§ Activity: Please output exactly the part of the records below that opens with the line containing "theory Submission" and closes with the line containing "(simp add: E4_def)", both lines included, and nothing else.

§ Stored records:
========================================================================
(* For any nonempty configuration and any integer shift $G$, the inter-level sampler (Algorithm 1) terminates with probability $1$ and returns level $\ell$ with probability exactly $W_\ell/\sum_j W_j$.
   Context: Fix an integer $b\ge 2$. There is a set $\mathcal L$ of $N$ levels, which are consecutive integers. Each level $\ell$ holds a finite (possibly empty) multiset of normalized significands, each an integer in $[2^{b-1},2^b)$. Let $z$ be the total number of stored significands over all levels; assume $z<2^b$. For each level, $SS_\ell$ is the sum of its significands (so $SS_\ell=0$ iff the level is empty); set $SS_\ell=0$ for integers $\ell\notin\mathcal L$. The level weight is $W_\ell=SS_\ell2^\ell$. For an integer global shift $G$, $A_\ell(G)=\lfloor W_\ell2^G\rfloor+1$ if $SS_\ell>0$ and $A_\ell(G)=0$ if $SS_\ell=0$; $A(G)=\sum_\ell A_\ell(G)$ and $M(G)=\sum_\ell W_\ell2^G$. The configuration is nonempty if $z\ge1$. Inter-level sampler (Algorithm 1), with shift $G$ and $A=A(G)$: it performs independent outer iterations. In an outer iteration, draw $x$ uniformly from $\{1,\dots,A\}$ and scan the levels in decreasing order starting from the largest nonempty level. At the current level $\ell$: if $x<A_\ell(G)$, return $\ell$; if $x=A_\ell(G)$, run the refinement loop for $m=1,2,\dots$: draw $r$ uniformly from $\{0,\dots,2^b-1\}$ independently, let $t=\lfloor SS_\ell 2^{\ell+G+mb}\rfloor \bmod 2^b$; if $r<t$ return $\ell$; else if $r>t$ or $\ell+G+mb\ge 0$, abandon this outer iteration and start a new one; otherwise continue with $m+1$. If $x>A_\ell(G)$, set $x\leftarrow x-A_\ell(G)$ and move to the next lower level. *)

theory Defs
  imports "HOL-Probability.Probability"
begin

text \<open>A configuration: levels form the integer interval L = {lo..hi}; level l holds the
 multiset S l of normalized significands. Only the values of S on L matter.\<close>

definition SS :: "int \<Rightarrow> int \<Rightarrow> (int \<Rightarrow> nat multiset) \<Rightarrow> int \<Rightarrow> nat" where
  "SS lo hi S l = (if l \<in> {lo..hi} then sum_mset (S l) else 0)"

definition W :: "int \<Rightarrow> int \<Rightarrow> (int \<Rightarrow> nat multiset) \<Rightarrow> int \<Rightarrow> real" where
  "W lo hi S l = real (SS lo hi S l) * 2 powr real_of_int l"

definition Alev :: "int \<Rightarrow> int \<Rightarrow> (int \<Rightarrow> nat multiset) \<Rightarrow> int \<Rightarrow> int \<Rightarrow> int" where
  "Alev lo hi S G l = (if SS lo hi S l > 0
      then \<lfloor>W lo hi S l * 2 powr real_of_int G\<rfloor> + 1 else 0)"

definition Atot :: "int \<Rightarrow> int \<Rightarrow> (int \<Rightarrow> nat multiset) \<Rightarrow> int \<Rightarrow> int" where
  "Atot lo hi S G = (\<Sum>l\<in>{lo..hi}. Alev lo hi S G l)"

definition top_level :: "int \<Rightarrow> int \<Rightarrow> (int \<Rightarrow> nat multiset) \<Rightarrow> int" where
  "top_level lo hi S = Max {l \<in> {lo..hi}. SS lo hi S l > 0}"

text \<open>Deterministic scan of one outer iteration over the levels (given in decreasing order).
 Result Some (l, False): return l; Some (l, True): run refinement at l.\<close>
fun scan :: "(int \<Rightarrow> int) \<Rightarrow> int list \<Rightarrow> int \<Rightarrow> (int \<times> bool) option" where
  "scan A [] x = None"
| "scan A (l # ls) x =
     (if x < A l then Some (l, False)
      else if x = A l then Some (l, True)
      else scan A ls (x - A l))"

text \<open>Refinement loop at level l with sum SSl; Some l = return l, None = abandon the
 outer iteration.\<close>
partial_function (spmf) refine :: "nat \<Rightarrow> nat \<Rightarrow> int \<Rightarrow> int \<Rightarrow> nat \<Rightarrow> int option spmf" where
  "refine b SSl l G m =
     do { r \<leftarrow> spmf_of_set {0..<(2::nat)^b};
          let e = l + G + int m * int b;
          let t = nat (\<lfloor>real SSl * 2 powr real_of_int e\<rfloor> mod 2^b);
          if r < t then return_spmf (Some l)
          else if r > t \<or> e \<ge> 0 then return_spmf None
          else refine b SSl l G (Suc m) }"

text \<open>One outer iteration after drawing x. The case scan = None cannot occur for
 1 \<le> x \<le> A; it is modelled as divergence (no probability mass).\<close>
definition iteration :: "nat \<Rightarrow> int \<Rightarrow> int \<Rightarrow> (int \<Rightarrow> nat multiset) \<Rightarrow> int \<Rightarrow> int \<Rightarrow> int option spmf" where
  "iteration b lo hi S G x =
     (case scan (Alev lo hi S G) (rev [lo..top_level lo hi S]) x of
        None \<Rightarrow> return_pmf None
      | Some (l, False) \<Rightarrow> return_spmf (Some l)
      | Some (l, True) \<Rightarrow> refine b (SS lo hi S l) l G 1)"

partial_function (spmf) sampler :: "nat \<Rightarrow> int \<Rightarrow> int \<Rightarrow> (int \<Rightarrow> nat multiset) \<Rightarrow> int \<Rightarrow> int spmf" where
  "sampler b lo hi S G =
     do { x \<leftarrow> spmf_of_set {1..Atot lo hi S G};
          res \<leftarrow> iteration b lo hi S G x;
          (case res of Some l \<Rightarrow> return_spmf l | None \<Rightarrow> sampler b lo hi S G) }"

end

theory Submission
  imports Defs
begin
lemma E4_J'_witnesses: "\<exists>ie. inj_on ie (E4 E J') \<and> (\<forall>e\<in>E4 E J'. ie e \<in> V - J' \<and>
    e \<subseteq> nbrs (E3 E J') (ie e) \<and> (\<forall>j\<in>e. \<not> has_private V E J' j))"
proof -
  obtain ie where ie: "inj_on ie (E4 E J)" "\<forall>e\<in>E4 E J. ie e \<in> V - J \<and>
      e \<subseteq> nbrs (E3 E J) (ie e) \<and> (\<forall>j\<in>e. \<not> has_private V E J j)"
    using E4_witnesses by blast
  have sub: "E4 E J' \<subseteq> E4 E J" by (auto simp: E4_def)
  have "ie e \<in> V - J' \<and> e \<subseteq> nbrs (E3 E J') (ie e) \<and> (\<forall>j\<in>e. \<not> has_private V E J' j)"
    if e: "e \<in> E4 E J'" for e
  proof -
    have "e \<subseteq> J'" using e by (simp add: E4_def)
    moreover have ie_e: "ie e \<in> V - J" "e \<subseteq> nbrs (E3 E J) (ie e)" "\<forall>j\<in>e. \<not> has_private V E J j"
      using ie(2) sub e by auto
    moreover have "e \<subseteq> N (ie e) \<inter> J" using ie_e(1,2) E3_nbrs[of "ie e"] by simp
    ultimately show ?thesis using E3_J'_nbrs[of "ie e"] has_private_J'_imp by auto
  qed
  then show ?thesis using inj_on_subset[OF ie(1) sub] by blast
qed

lemma E2_J'_edge_has_J'_nbr:
  assumes ab: "{a,b} \<in> E" "a \<notin> J'" "b \<notin> J'" "N a - J' = {b}" "N b - J' = {a}"
  shows "\<exists>j\<in>J'. {a,j} \<in> E"
proof -
  have "N s - J' = {i,p}" using N_s i_J p_J by auto
  then have "a \<noteq> s" "b \<noteq> s" using ab(4,5) p_ne_i by (auto simp: doubleton_eq_iff)
  then have abJ: "a \<notin> J" "b \<notin> J" using ab(2,3) by auto
  have "N a - J = {b}" "N b - J = {a}" using ab(4,5) abJ ab(1) by (auto simp: nbrs_def insert_commute)
  then obtain j where j: "j \<in> N a" "j \<in> J" using E2_edge_has_J_nbr[OF ab(1) abJ] by blast
  show ?thesis
  proof (cases "j = s")
    case False
    then show ?thesis using j by (auto simp: nbrs_def)
  next
    case True
    then have "a = i \<or> a = p" using j(1) s_in_N by (simp add: nbrs_sym)
    moreover have "{i', s} \<subseteq> N i - J'" "i' \<noteq> s"
      using E2_edge_facts s_in_N_i i_J i'_J s_J by auto
    moreover have "s \<in> N p - J'" using N_p_J by auto
    ultimately show ?thesis using ab(4) \<open>b \<noteq> s\<close> by auto
  qed
qed

lemma E2_J'_J_nbrs: "\<forall>e\<in>E2 E J'. \<forall>v\<in>e. \<exists>j\<in>J'. {v,j} \<in> E"
proof (intro ballI)
  fix e v assume e: "e \<in> E2 E J'" and v: "v \<in> e"
  let ?F = "{e\<in>E. e \<inter> J' = {}}"
  have F: "?F \<subseteq> E" by auto
  have "e \<in> isolated_edges ?F" using e by (simp add: E2_def)
  then obtain y z where yz: "e = {y,z}" "{y,z} \<in> ?F" "nbrs ?F y = {z}" "nbrs ?F z = {y}"
    by (rule isolated_edgeE[OF _ doubletons_sub[OF F] finite_sub[OF F]])
  have yz': "y \<notin> J'" "z \<notin> J'" "{y,z} \<in> E" "{z,y} \<in> E" using yz(2) by (auto simp: insert_commute)
  have "N y - J' = {z}" "N z - J' = {y}"
    using yz(3,4) unfolding nbrs_avoiding if_not_P[OF yz'(1)] if_not_P[OF yz'(2)] .
  then show "\<exists>j\<in>J'. {v,j} \<in> E"
    using E2_J'_edge_has_J'_nbr[of y z] E2_J'_edge_has_J'_nbr[of z y] yz' v yz(1) by auto
qed

lemma good_subset_J': "good_subset V E J'"
proof -
  have "J' \<noteq> {}" using two_le_card_J'_nbrs by (metis Int_empty_right card.empty not_numeral_le_zero)
  then show ?thesis
    unfolding good_subset_def
    using J_subset_V deg_E4_J'_le_1 nice_E3_J' card_private_nbrs_J'_le_1 E4_J'_witnesses E2_J'_J_nbrs
    by blast
qed

end

context special_nbr_setting begin

lemma card_J_nbrs_le_2: "card (N i \<inter> J) \<le> 2"
proof (rule ccontr)
  assume "\<not> card (N i \<inter> J) \<le> 2"
  then interpret three_J_nbrs n E J i i' s p by unfold_locales simp
  show False using J_minimal good_subset_J' card_Diff1_less[OF finite_J s_J] by fastforce
qed

lemma other_J_nbr:
  assumes "card (N i \<inter> J) \<ge> 2"
  obtains t where "t \<in> J" "s \<noteq> t" "N i \<inter> J = {s,t}"
proof -
  have "card (N i \<inter> J - {s}) = 1"
    using assms card_J_nbrs_le_2 s_in_N_i s_J finite_J by simp
  then obtain t where "N i \<inter> J - {s} = {t}" by (auto simp: card_Suc_eq)
  then show thesis using that s_in_N_i s_J by blast
qed

end

section \<open>Two neighbours in \<open>J\<close>\<close>

locale two_J_nbrs = special_nbr_setting +
  fixes t :: nat
  assumes t_J: "t \<in> J" and s_ne_t: "s \<noteq> t" and N_i_J: "N i \<inter> J = {s,t}"
begin

lemma N_i: "N i = {s,t,i'}"
  using N_i_J E2_edge_facts(5) by blast

lemma i_in_N: "i \<in> N u \<longleftrightarrow> u = s \<or> u = t \<or> u = i'" using N_i nbrs_sym by auto

lemma N_i'_J: "N i' - J = {i}" using E2_edge_facts(6) .

lemma distinct: "s \<noteq> i" "s \<noteq> p" "i \<noteq> t" "i \<noteq> i'" "t \<noteq> p" "t \<noteq> i'" "s \<noteq> i'"
  using s_J t_J i_J i'_J p_J E2_edge_facts(4) by auto

lemma t_V: "t \<in> V" using t_J J_subset_V by auto

lemma edges_meeting_si: "{g\<in>E. g \<inter> {s,i} \<noteq> {}} = {{s,i}, {s,p}, {i,t}, {i,i'}}"
proof
  show "{g\<in>E. g \<inter> {s,i} \<noteq> {}} \<subseteq> {{s,i}, {s,p}, {i,t}, {i,i'}}"
  proof
    fix g assume g: "g \<in> {g\<in>E. g \<inter> {s,i} \<noteq> {}}"
    then have "s \<in> g \<or> i \<in> g" by auto
    then show "g \<in> {{s,i}, {s,p}, {i,t}, {i,i'}}"
      by (elim disjE edge_containing[of g, rotated]) (use g N_s N_i in \<open>auto simp: insert_commute\<close>)
  qed
  show "{{s,i}, {s,p}, {i,t}, {i,i'}} \<subseteq> {g\<in>E. g \<inter> {s,i} \<noteq> {}}"
    using N_s N_i by (auto simp: nbrs_def insert_commute)
qed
========================================================================
§ Written answer:
theory Submission
  imports Defs
begin
lemma E4_J'_witnesses: "\<exists>ie. inj_on ie (E4 E J') \<and> (\<forall>e\<in>E4 E J'. ie e \<in> V - J' \<and>
    e \<subseteq> nbrs (E3 E J') (ie e) \<and> (\<forall>j\<in>e. \<not> has_private V E J' j))"
proof -
  obtain ie where ie: "inj_on ie (E4 E J)" "\<forall>e\<in>E4 E J. ie e \<in> V - J \<and>
      e \<subseteq> nbrs (E3 E J) (ie e) \<and> (\<forall>j\<in>e. \<not> has_private V E J j)"
    using E4_witnesses by blast
  have sub: "E4 E J' \<subseteq> E4 E J" by (auto simp: E4_def)
  have "ie e \<in> V - J' \<and> e \<subseteq> nbrs (E3 E J') (ie e) \<and> (\<forall>j\<in>e. \<not> has_private V E J' j)"
    if e: "e \<in> E4 E J'" for e
  proof -
    have "e \<subseteq> J'" using e by (simp add: E4_def)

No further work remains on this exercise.